In the context of the US Commerce Secretary Howard Lutnick just days ago announcing that part of the point of escalating tariffs on China was to bring back iPhone production to the US, this was a stunning about-turn.
The US has now excluded the single biggest Chinese export, and certainly the most high profile finished good from tariffs, without publicly announcing it at first.
It is worth considering what would have happened in the absence of this exemption.
The effect of 125% tariffs on Apple’s Zhengzou manufacturing facility in eastern China would have started to show in weeks at most across American Apple stores. It would have been a totemic “sticker shock” for the White House tumultuous tariff push.

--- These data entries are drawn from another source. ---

(* Let $G$ be a finite simple graph, $k\ge 2$, and let $e=\{a,b\}$ be an edge of $G$. Suppose that for every $k$-matching $\{e_1,\ldots,e_k\}$ of $G-e$ there exist a vertex $c\notin\{a,b\}$ with $\{c,a\}\in E(G)$ or $\{c,b\}\in E(G)$, and an index $j$ with $c\in e_j$ and $e_1\cdots \widehat{e_j}\cdots e_k\in I(G-\{a,b\})^{[k-1]}$. Then the ideal $L(G,e,k):=I(G-e)^{[k]}\cap (ab)\,I(G-\{a,b\})^{[k-1]}$ is generated in degree $2k+1$, i.e. all its minimal monomial generators have degree $2k+1$.
   Context: $G$ is a finite simple graph on vertex set $\{x_1,\ldots,x_n\}$ identified with the variables of $S=K[x_1,\ldots,x_n]$ ($K$ a field); edges are identified with degree-2 monomials. For a graph $H$, $I(H)^{[k]}$ is the ideal generated by all products $e_1\cdots e_k$ over $k$-matchings of $H$. $G-e$ is the graph on the same vertex set as $G$ with the edge $e$ removed; $G-\{a,b\}$ is the induced subgraph on $V(G)\setminus\{a,b\}$. The hat denotes omission of a factor. *)

theory Defs
  imports Main "HOL-Library.Multiset"
begin

definition simple_graph :: "'a set \<Rightarrow> 'a set set \<Rightarrow> bool" where
  "simple_graph V E \<longleftrightarrow> finite V \<and> (\<forall>f\<in>E. f \<subseteq> V \<and> card f = 2)"

text \<open>Monomials in the variables V are multisets over V (exponent vectors);
  the product of monomials is multiset sum, divisibility is sub-multiset,
  the degree is the size.\<close>
definition monomials :: "'a set \<Rightarrow> 'a multiset set" where
  "monomials V = {m. set_mset m \<subseteq> V}"

definition edge_mon :: "'a set \<Rightarrow> 'a multiset" where
  "edge_mon f = mset_set f"

definition is_matching :: "'a set set \<Rightarrow> 'a set set \<Rightarrow> nat \<Rightarrow> bool" where
  "is_matching E M k \<longleftrightarrow> M \<subseteq> E \<and> finite M \<and> card M = k \<and>
     (\<forall>f\<in>M. \<forall>g\<in>M. f \<noteq> g \<longrightarrow> f \<inter> g = {})"

definition matching_prod :: "'a set set \<Rightarrow> 'a multiset" where
  "matching_prod M = (\<Sum>f\<in>M. edge_mon f)"

text \<open>The monomial ideal I(H)^[k] of S = K[V], represented by the set of
  monomials it contains (a monomial ideal is determined by its monomials).\<close>
definition sq_power_mons :: "'a set \<Rightarrow> 'a set set \<Rightarrow> nat \<Rightarrow> 'a multiset set" where
  "sq_power_mons V E k =
     {m \<in> monomials V. \<exists>M. is_matching E M k \<and> matching_prod M \<subseteq># m}"

definition del_edge :: "'a set set \<Rightarrow> 'a set \<Rightarrow> 'a set set" where
  "del_edge E e = E - {e}"

definition del_verts_edges :: "'a set set \<Rightarrow> 'a set \<Rightarrow> 'a set set" where
  "del_verts_edges E W = {f \<in> E. f \<inter> W = {}}"

definition L_mons :: "'a set \<Rightarrow> 'a set set \<Rightarrow> 'a \<Rightarrow> 'a \<Rightarrow> nat \<Rightarrow> 'a multiset set" where
  "L_mons V E a b k =
     sq_power_mons V (del_edge E {a,b}) k \<inter>
     {m \<in> monomials V. \<exists>n \<in> sq_power_mons V (del_verts_edges E {a,b}) (k - 1).
                          {#a, b#} + n \<subseteq># m}"

definition min_gens :: "'a multiset set \<Rightarrow> 'a multiset set" where
  "min_gens I = {m \<in> I. \<forall>m'\<in>I. m' \<subseteq># m \<longrightarrow> m' = m}"

end

theory Submission
  imports Defs
begin

text \<open>Let \<open>m\<close> be a minimal generator of \<open>L(G,e,k)\<close>, divisible by the product of a
  \<open>k\<close>-matching \<open>e\<^sub>1, \<dots>, e\<^sub>k\<close> of \<open>G - e\<close> and by \<open>ab\<close>. With \<open>c \<in> e\<^sub>j\<close> as in the hypothesis,
  the remaining edges are divisible by the product \<open>w\<close> of a \<open>(k-1)\<close>-matching of
  \<open>G - {a,b}\<close>, which avoids \<open>a\<close>, \<open>b\<close> and \<open>c\<close>. Hence \<open>w\<cdot>abc\<close> divides \<open>m\<close>; and it lies in
  \<open>L(G,e,k)\<close>, being divisible by \<open>ab\<cdot>w\<close> and by the product of the \<open>k\<close>-matching obtained
  from that of \<open>w\<close> by adding the edge \<open>ca\<close> (or \<open>cb\<close>). By minimality \<open>m = w\<cdot>abc\<close>, of degree
  \<open>2(k-1) + 3\<close>.\<close>

lemma simple_graph_edgeD:
  assumes "simple_graph V E" "f \<in> E"
  shows "f \<subseteq> V" "card f = 2" "finite f"
  using assms unfolding simple_graph_def by (auto intro: card_ge_0_finite)

lemma simple_graph_edge_neq:
  assumes "simple_graph V E" "{x, y} \<in> E"
  shows "x \<noteq> y"
  using simple_graph_edgeD(2)[OF assms] by (cases "x = y") auto

lemma edge_mon_doubleton: "x \<noteq> y \<Longrightarrow> edge_mon {x, y} = {#x, y#}"
  by (simp add: edge_mon_def)

lemma set_mset_matching_prod:
  assumes "finite M" "\<forall>f\<in>M. finite f"
  shows "set_mset (matching_prod M) = \<Union>M"
  using assms unfolding matching_prod_def
  by (induction M rule: finite_induct) (auto simp: edge_mon_def)

lemma size_matching_prod:
  assumes "finite M" "\<forall>f\<in>M. card f = 2"
  shows "size (matching_prod M) = 2 * card M"
  using assms unfolding matching_prod_def
  by (induction M rule: finite_induct) (auto simp: edge_mon_def card_ge_0_finite)

lemma matching_prod_insert:
  "finite M \<Longrightarrow> f \<notin> M \<Longrightarrow> matching_prod (insert f M) = edge_mon f + matching_prod M"
  unfolding matching_prod_def by simp

lemma matching_prod_mono:
  assumes "M' \<subseteq> M" "finite M"
  shows "matching_prod M' \<subseteq># matching_prod M"
  using sum.subset_diff[OF assms, of edge_mon] unfolding matching_prod_def by simp

lemma mem_matching_prod:
  assumes "finite M" "f \<in> M" "finite f" "x \<in> f"
  shows "x \<in># matching_prod M"
proof -
  have "edge_mon f \<subseteq># matching_prod M"
    using matching_prod_mono[of "{f}" M] assms(1,2) by (simp add: matching_prod_def)
  then show ?thesis using assms(3,4) by (auto simp: edge_mon_def dest: mset_subset_eqD)
qed

lemma not_in_matching_prod_remove:
  assumes M: "is_matching E M k" and "\<forall>g\<in>E. finite g" and f: "f \<in> M" "x \<in> f"
  shows "x \<notin># matching_prod (M - {f})"
proof -
  have "M \<subseteq> E" "finite M" and disj: "\<forall>g\<in>M. \<forall>h\<in>M. g \<noteq> h \<longrightarrow> g \<inter> h = {}"
    using M unfolding is_matching_def by auto
  then have "set_mset (matching_prod (M - {f})) = \<Union>(M - {f})"
    using assms(2) by (intro set_mset_matching_prod) auto
  moreover have "x \<notin> \<Union>(M - {f})" using disj f by blast
  ultimately show ?thesis by simp
qed

lemma is_matching_insert:
  assumes M: "is_matching E M k" and f: "f \<in> E" "f \<noteq> {}" "f \<inter> \<Union>M = {}"
  shows "is_matching E (insert f M) (Suc k)"
proof -
  have "f \<notin> M" using f(2,3) by blast
  moreover have "\<forall>g\<in>M. f \<inter> g = {} \<and> g \<inter> f = {}" using f(3) by blast
  ultimately show ?thesis using M f(1) unfolding is_matching_def by (simp add: Int_commute)
qed

lemma add_mset_subset_eq_if_not_in:
  assumes "A \<subseteq># B" "x \<in># B" "x \<notin># A"
  shows "add_mset x A \<subseteq># B"
  using assms by (auto simp: subseteq_mset_def not_in_iff Suc_leI)

lemma L_mons_mem_ends:
  assumes "m \<in> L_mons V E a b k"
  shows "a \<in># m" "b \<in># m"
proof -
  obtain n where "{#a, b#} + n \<subseteq># m" using assms unfolding L_mons_def by auto
  then have "{#a, b#} \<subseteq># m" using mset_subset_eq_add_left subset_mset.order_trans by blast
  then show "a \<in># m" "b \<in># m" by (auto dest: mset_subset_eqD)
qed

lemma L_mons_swap: "L_mons V E b a k = L_mons V E a b k"
  unfolding L_mons_def by (simp add: insert_commute add_mset_commute)

lemma matching_prod_add_neighbour_of_a_in_L_mons:
  assumes G: "simple_graph V E" and ab: "{a, b} \<in> E" and ca: "{c, a} \<in> E" and "c \<notin> {a, b}"
    and N: "is_matching (del_verts_edges E {a, b}) N (k - 1)" "c \<notin> \<Union>N" and "k \<ge> 1"
  shows "matching_prod N + {#a, b, c#} \<in> L_mons V E a b k"
proof -
  have NE: "N \<subseteq> E" and "finite N" and "a \<notin> \<Union>N"
    using N unfolding is_matching_def del_verts_edges_def by auto
  have mon: "matching_prod N + {#a, b, c#} \<in> monomials V"
    using simple_graph_edgeD(1,3)[OF G] NE ab ca \<open>finite N\<close>
    by (auto simp: monomials_def set_mset_matching_prod subset_iff)
  have "is_matching (del_edge E {a, b}) (insert {c, a} N) k"
  proof -
    have "is_matching (del_edge E {a, b}) N (k - 1)"
      using N unfolding is_matching_def del_edge_def del_verts_edges_def by auto
    moreover have "{c, a} \<in> del_edge E {a, b}"
      using ca \<open>c \<notin> {a, b}\<close> by (auto simp: del_edge_def doubleton_eq_iff)
    moreover have "{c, a} \<inter> \<Union>N = {}" using \<open>a \<notin> \<Union>N\<close> \<open>c \<notin> \<Union>N\<close> by auto
    ultimately have "is_matching (del_edge E {a, b}) (insert {c, a} N) (Suc (k - 1))"
      by (simp add: is_matching_insert)
    then show ?thesis using \<open>k \<ge> 1\<close> by simp
  qed
  moreover have "matching_prod (insert {c, a} N) = {#c, a#} + matching_prod N"
  proof -
    have "{c, a} \<notin> N" using \<open>a \<notin> \<Union>N\<close> by auto
    with \<open>finite N\<close> have "matching_prod (insert {c, a} N) = edge_mon {c, a} + matching_prod N"
      by (rule matching_prod_insert)
    moreover have "c \<noteq> a" using \<open>c \<notin> {a, b}\<close> by auto
    ultimately show ?thesis by (simp add: edge_mon_doubleton)
  qed
  moreover have "{#c, a#} + matching_prod N \<subseteq># matching_prod N + {#a, b, c#}"
    by (simp add: add_mset_commute)
  ultimately have "matching_prod N + {#a, b, c#} \<in> sq_power_mons V (del_edge E {a, b}) k"
    using mon unfolding sq_power_mons_def by auto
  moreover have "matching_prod N \<in> sq_power_mons V (del_verts_edges E {a, b}) (k - 1)"
    using mon N unfolding sq_power_mons_def monomials_def by auto
  moreover have "{#a, b#} + matching_prod N \<subseteq># matching_prod N + {#a, b, c#}"
    by (simp add: add_mset_commute)
  ultimately show ?thesis
    using mon unfolding L_mons_def by blast
qed

lemma matching_prod_add_neighbour_in_L_mons:
  assumes G: "simple_graph V E" and ab: "{a, b} \<in> E"
    and c: "c \<notin> {a, b}" "{c, a} \<in> E \<or> {c, b} \<in> E"
    and N: "is_matching (del_verts_edges E {a, b}) N (k - 1)" "c \<notin> \<Union>N" and "k \<ge> 1"
  shows "matching_prod N + {#a, b, c#} \<in> L_mons V E a b k"
  using c(2)
proof
  assume "{c, a} \<in> E"
  with G ab show ?thesis using c(1) N \<open>k \<ge> 1\<close> by (rule matching_prod_add_neighbour_of_a_in_L_mons)
next
  assume "{c, b} \<in> E"
  then have "matching_prod N + {#b, a, c#} \<in> L_mons V E b a k"
    using matching_prod_add_neighbour_of_a_in_L_mons[of V E b a c N k] G ab c(1) N \<open>k \<ge> 1\<close>
    by (simp add: insert_commute)
  then show ?thesis by (simp add: L_mons_swap add_mset_commute)
qed

lemma size_min_gens_L_mons:
  assumes G: "simple_graph V E" and ab: "{a, b} \<in> E"
    and c: "c \<notin> {a, b}" "{c, a} \<in> E \<or> {c, b} \<in> E"
    and m: "m \<in> min_gens (L_mons V E a b k)"
    and M: "is_matching (del_edge E {a, b}) M k" "matching_prod M \<subseteq># m"
    and f: "f \<in> M" "c \<in> f"
    and rest: "matching_prod (M - {f}) \<in> sq_power_mons V (del_verts_edges E {a, b}) (k - 1)"
    and "k \<ge> 1"
  shows "size m = 2 * k + 1"
proof -
  obtain N where N: "is_matching (del_verts_edges E {a, b}) N (k - 1)"
    and N_sub: "matching_prod N \<subseteq># matching_prod (M - {f})"
    using rest unfolding sq_power_mons_def by auto
  define w where "w = matching_prod N"
  have m_L: "m \<in> L_mons V E a b k"
    and m_min: "\<And>m'. m' \<in> L_mons V E a b k \<Longrightarrow> m' \<subseteq># m \<Longrightarrow> m' = m"
    using m unfolding min_gens_def by auto
  have NE: "N \<subseteq> E" and "finite N" "card N = k - 1" and "a \<notin> \<Union>N" "b \<notin> \<Union>N"
    using N unfolding is_matching_def del_verts_edges_def by auto
  have "finite M" using M(1) unfolding is_matching_def by simp
  have edges_finite: "\<forall>g\<in>E. finite g" using simple_graph_edgeD(3)[OF G] by blast
  have set_w: "set_mset w = \<Union>N"
    unfolding w_def using NE \<open>finite N\<close> edges_finite by (simp add: set_mset_matching_prod subset_iff)
  have w_sub: "w \<subseteq># matching_prod M"
    using N_sub matching_prod_mono[of "M - {f}" M] \<open>finite M\<close> unfolding w_def
    by (meson Diff_subset subset_mset.order_trans)
  have "c \<notin># w"
    using not_in_matching_prod_remove[OF M(1) _ f] edges_finite N_sub unfolding w_def
    by (auto simp: del_edge_def dest: mset_subset_eqD)
  then have "c \<notin> \<Union>N" using set_w by simp
  have "w + {#a, b, c#} \<subseteq># m"
  proof -
    have "a \<in># m" "b \<in># m" using m_L by (rule L_mons_mem_ends)+
    moreover have "c \<in># matching_prod M"
      using f M(1) edges_finite \<open>finite M\<close>
      by (intro mem_matching_prod) (auto simp: is_matching_def del_edge_def)
    moreover have "a \<noteq> b" by (rule simple_graph_edge_neq[OF G ab])
    moreover have "a \<notin># w" "b \<notin># w" using set_w \<open>a \<notin> \<Union>N\<close> \<open>b \<notin> \<Union>N\<close> by simp_all
    ultimately have "add_mset a (add_mset b (add_mset c w)) \<subseteq># m"
      using c(1) \<open>c \<notin># w\<close> w_sub M(2)
      by (intro add_mset_subset_eq_if_not_in) (auto dest: mset_subset_eqD)
    then show ?thesis by simp
  qed
  then have "m = w + {#a, b, c#}"
    using m_min matching_prod_add_neighbour_in_L_mons[OF G ab c N \<open>c \<notin> \<Union>N\<close> \<open>k \<ge> 1\<close>]
    unfolding w_def by auto
  moreover have "size w = 2 * (k - 1)"
    using size_matching_prod[OF \<open>finite N\<close>] NE simple_graph_edgeD(2)[OF G] \<open>card N = k - 1\<close>
    by (auto simp: w_def)
  ultimately show ?thesis using \<open>k \<ge> 1\<close> by simp
qed

theorem lemma4p2:
  fixes V :: "'a set" and E :: "'a set set" and a b :: 'a and k :: nat
  assumes "simple_graph V E"
    and "k \<ge> 2"
    and "{a, b} \<in> E"
    and "\<forall>M. is_matching (del_edge E {a,b}) M k \<longrightarrow>
           (\<exists>c. c \<notin> {a, b} \<and> ({c, a} \<in> E \<or> {c, b} \<in> E) \<and>
               (\<exists>f\<in>M. c \<in> f \<and>
                  matching_prod (M - {f}) \<in>
                    sq_power_mons V (del_verts_edges E {a,b}) (k - 1)))"
  shows "\<forall>m \<in> min_gens (L_mons V E a b k). size m = 2 * k + 1"
proof
  fix m assume m: "m \<in> min_gens (L_mons V E a b k)"
  then have "m \<in> sq_power_mons V (del_edge E {a, b}) k"
    unfolding min_gens_def L_mons_def by auto
  then obtain M where M: "is_matching (del_edge E {a, b}) M k" "matching_prod M \<subseteq># m"
    unfolding sq_power_mons_def by auto
  with assms(4) obtain c f where "c \<notin> {a, b}" "{c, a} \<in> E \<or> {c, b} \<in> E" "f \<in> M" "c \<in> f"
    "matching_prod (M - {f}) \<in> sq_power_mons V (del_verts_edges E {a, b}) (k - 1)"
    by blast
  with size_min_gens_L_mons[OF assms(1,3) _ _ m M] assms(2) show "size m = 2 * k + 1" by simp
qed

end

According to one Counterpoint, a global technology market research firm, as much as 80% of Apple’s iPhones intended for US sale are made in China.
The tech giant’s manufacturing profit margins are estimated to be between 40-60%. Typical iPhone prices might have moved closer to $2,000 than $1,000. The other option for Apple could have been to spread the cost across all of its global prices, but would the rest of the world accepted paying the Trump tariff tax?
A very public repricing of iPhones has been avoided, but still may occur if, as the White House House has said, that the previously imposed 20% tariffs on China related to the powerful opioid fentanyl, remain in place.
Tim Cook, the chief executive of Apple, is a key player here. He can walk into a meeting with both US president Donald Trump and China president Xi Jinping. It is not an outlandish prediction to suggest that, if it comes, any peace in the US-China trade war could be brokered by Cook.
That’s based on his deep fundamental role in connecting the two economies. He was hand selected by Apple’s co-founder Steve Jobs for his unrivalled expertise in just-in-time supply logistics.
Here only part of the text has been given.